Canada’s National Housing Agency is reporting that household debt is now the highest of any G7 country.
The data showed that the amount owed by Canadian households is also higher than the country’s entire gross domestic product (GDP). The Canada Mortgage and Housing Corporation said high home prices are to blame for the ballooning debt.
Household debt in the United States and United Kingdom by comparison has shrunk in the last 10 years. In a report released on Tuesday, the Canada Mortgage and Housing Corporation warned that Canadians would not be able to weather a recession because of the high amount of debt they owe.
The corporation’s deputy chief economist, Aled ab Iorwerth said, “unfortunately, Canada’s very high levels of household debt – and the highest in the G7 – makes the economy vulnerable to any global economic crisis.”
In his report, ab Iorwerth declared that 75 per cent of Canada’s household debt comes from mortgages.
Home prices rising in Canada
As home prices increase in Canada, the household debt in Canada rises as well. He added that longer term, re-establishing housing affordability in Canada will be key to reducing household debt if they want to become homeowners.
The average home price in Canada is C$716,083 ($528,000; £426,000), according to the Canada Real Estate Association, though homes in Canada’s most populous city, Toronto, average about C$1.15 million. Home prices are the highest in Vancouver, British Columbia, where the average price tag for a property is around C$1.29 million.
Both Toronto and Vancouver consistently rank among the top 10 most unaffordable cities in the world.
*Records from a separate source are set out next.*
lemma partial_character_one:
  assumes H: "submonoid H G" and \<psi>: "partial_character H \<psi>"
  shows "\<psi> \<one> = 1"
proof -
  have "\<psi> \<one> * \<psi> \<one> = \<psi> \<one> * 1" and "\<psi> \<one> \<noteq> 0"
    using \<psi> submonoid.one_closed[OF H] unfolding partial_character_def by force+
  then show ?thesis
    by (metis mult_left_cancel)
qed

lemma partial_character_nat_pow:
  assumes H: "submonoid H G" and \<psi>: "partial_character H \<psi>" and "h \<in> H"
  shows "\<psi> (h [^] (n::nat)) = \<psi> h ^ n"
  using \<psi> \<open>h \<in> H\<close> submonoid_nat_pow_closed[OF H \<open>h \<in> H\<close>]
  by (induction n) (simp_all add: partial_character_one[OF H \<psi>] partial_character_def)

lemma partial_character_coset_consistent:
  assumes H: "submonoid H G" and \<psi>: "partial_character H \<psi>" and g: "g \<in> carrier G"
    and compatible: "\<And>m. g [^] m \<in> H \<Longrightarrow> \<psi> (g [^] m) = w ^ m"
    and "h \<in> H" "h' \<in> H" and eq: "h \<otimes> g [^] i = h' \<otimes> g [^] j"
  shows "\<psi> h * w ^ i = \<psi> h' * w ^ j"
  using \<open>h \<in> H\<close> \<open>h' \<in> H\<close> eq
proof (induction i j arbitrary: h h' rule: linorder_wlog)
  case (le i j)
  have h: "h \<in> carrier G" and h': "h' \<in> carrier G"
    using le.prems submonoid.mem_carrier[OF H] by auto
  have "h \<otimes> g [^] i = (h' \<otimes> g [^] (j - i)) \<otimes> g [^] i"
    using le g h' by (simp add: m_assoc nat_pow_mult)
  then have hh': "h = h' \<otimes> g [^] (j - i)"
    using g h h' by simp
  then have "g [^] (j - i) = inv h' \<otimes> h"
    using g h' by (simp add: inv_solve_left)
  then have "g [^] (j - i) \<in> H"
    using le.prems H submonoid_inv_closed submonoid.m_closed by metis
  then have "\<psi> h = \<psi> h' * w ^ (j - i)"
    using hh' \<psi> le.prems compatible unfolding partial_character_def by simp
  then show ?case
    using le.hyps by (simp add: mult.assoc flip: power_add)
next
  case (sym i j)
  show ?case
    using sym.IH[OF sym.prems(2,1) sym.prems(3)[symmetric]] by simp
qed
The average value of a Canadian home has more than doubled since 2011, when houses were valued at around C$352,000.
Comparison with other Western nations
As of 2021, Canada’s household debt is seven per cent higher than the country’s entire GDP, which is an increase from 2010, when household debt was about five per cent lower. The BBC reports that by comparison, household debt in the US fell from 100 per cent of the country’s GDP in 2008 to about 75 per cent in 2021.
Household debt as a share of GDP in the UK also fell from 94 per cent in 2010 to 86 per cent in 2021. “While US households reduced debt, Canadians increased theirs and this will likely continue to increase unless we address affordability in the housing market,” ab Iorwerth said.
Among major Western nations, only Australia has a higher household debt rate as a share of its GDP (119 per cent). Canada’s government has been under pressure to address the growing issue of housing unaffordability.
Earlier this year, Canada enacted a two-year ban on foreigners buying homes in the country in an attempt to ease unaffordability. Some have also called on officials to enact measures that will increase Canada’s housing supply, as the country’s population has grown by a record of more than a million people in 2022.